法坛被重新摆好,陆远点燃三炷清香,恭恭敬敬地插进香炉,再次恭请祖师。
袅袅青烟,这一次笔直升腾,再无波折。
做完这一切,陆远才转过身,看向一旁在寒风中静静等待的两个大美人。
“琴姨,巧儿姨,你们先回去吧。”
“今晚我得把这养煞地给破了。”
做完流程,陆远转头望向一旁等待的两个大美姨。
“瞅你俩穿的,也不嫌弃冷!”
陆远瞅了眼两人上半身抱着名贵的狐皮大氅儿。
下半身是两条丰腴修长的大美腿,在夜色下白得晃眼,跟没穿裤子似的。
被陆远这般一说,两人则是娇瞪陆远一眼,却并未多说啥。
两人虽然骚,虽然浪,但也只会在陆远跟前儿骚浪。
这旁边若是没有许二小,王成安,宋宗虎,两人怕是要立马骚浪的说上几句勾人的下贱话儿。
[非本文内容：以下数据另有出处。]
lemma comp_adj_monomial_in_A2: "comp_adj_monomial b \<phi> n \<in> A2 (real b)"
proof -
  obtain \<rho> where \<rho>: "0 \<le> \<rho>" "\<rho> < 1" "\<And>n k. norm (comp_matrix \<phi> n k) \<le> \<rho> ^ k * 2 ^ n"
    using comp_matrix_bound by blast
  define C where "C = (bergman_weight (real b) n * 2 ^ n)\<^sup>2"
  have bound: "bergman_weight (real b) k * (norm (comp_adj_monomial b \<phi> n k))\<^sup>2
      \<le> C * (kernel_coeff b k * (\<rho>\<^sup>2) ^ k)" for k
  proof -
    have "norm (comp_adj_monomial b \<phi> n k)
        = bergman_weight (real b) n * kernel_coeff b k * norm (comp_matrix \<phi> n k)"
      using kernel_coeff_pos[of b k] bergman_weight_pos[of b n]
      by (simp add: comp_adj_monomial_def norm_mult)
    then have "bergman_weight (real b) k * (norm (comp_adj_monomial b \<phi> n k))\<^sup>2
        = (bergman_weight (real b) n)\<^sup>2 * kernel_coeff b k * (norm (comp_matrix \<phi> n k))\<^sup>2"
      using kernel_coeff_pos[of b k]
      by (simp add: bergman_weight_eq_inverse_kernel_coeff[of b k] power2_eq_square)
    also have "\<dots> \<le> (bergman_weight (real b) n)\<^sup>2 * kernel_coeff b k * (\<rho> ^ k * 2 ^ n)\<^sup>2"
      using kernel_coeff_pos[of b k] \<rho>(3)[of n k] by (intro mult_left_mono power_mono) auto
    also have "\<dots> = C * (kernel_coeff b k * (\<rho>\<^sup>2) ^ k)"
      unfolding C_def by (simp add: power_mult_distrib mult_ac flip: power_mult)
    finally show ?thesis .
  qed
  have "summable (\<lambda>k. C * (kernel_coeff b k * (\<rho>\<^sup>2) ^ k))"
    using \<rho>(1,2) by (intro summable_mult summable_kernel_coeff) (auto simp: power_less_one_iff)
  then have "summable (\<lambda>k. bergman_weight (real b) k * (norm (comp_adj_monomial b \<phi> n k))\<^sup>2)"
    by (rule summable_comparison_test'[where N = 0])
      (simp add: abs_mult abs_of_pos bergman_weight_pos bound)
  then show ?thesis
    unfolding A2_def by simp
qed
但现在旁边有人,两人好歹那都是正儿八经的大户人家出来的,自然做不出来什么,也说不出来什么
两个大美姨只是娇声道:
“都这么晚了,等明儿个再来呗?”
“怕被人抢了?”
琴姨更是直接抬起涂着妖艳紫色甲油的玉手,指向不远处的宋宗虎。
“让咱弟给咱派人看着,谁也不让进不就得了?”
“等今儿个晚上歇好了,明天再来呗。”
一旁的宋宗虎:“……”
这话咋感觉怪怪的……
陆远却是摇了摇头道:
“明天有明天的事儿,今日事今日毕,也用不了多久,最多一个多钟头的事儿,不用来回折腾。”
说着,陆远顺着琴姨指的方向,望向了宋宗虎。
这还是认识琴姨这么长时间来,第一次看到她弟弟,之前只是从琴姨口中听到。
此时这个中年男人有些尴尬,只是站在军车旁,勉强向陆远露出一阵笑容来。
要陆远说,陆远也挺尴尬的。
自己跟琴姨的关系,可以这么说,已经算是板上钉钉了!
没得跑了!
陆远是绝对不会把这个大美姨推出去的。
想必,这件事琴姨也应该会跟宋宗虎说过几嘴?
这人家能不尴尬嘛,自己就这么大点儿岁数。
但眼下不是想这些的时候。
陆远神色变得格外认真,对着宋宗虎一拱手。
“按理来说,这口锅不该叫你背着,但我眼下确实有一档子要紧的事情要做。”
“若是您的上司怪罪下来,您能帮我顶上一个多月,等天尊大典结束,这份情我记您一辈子。”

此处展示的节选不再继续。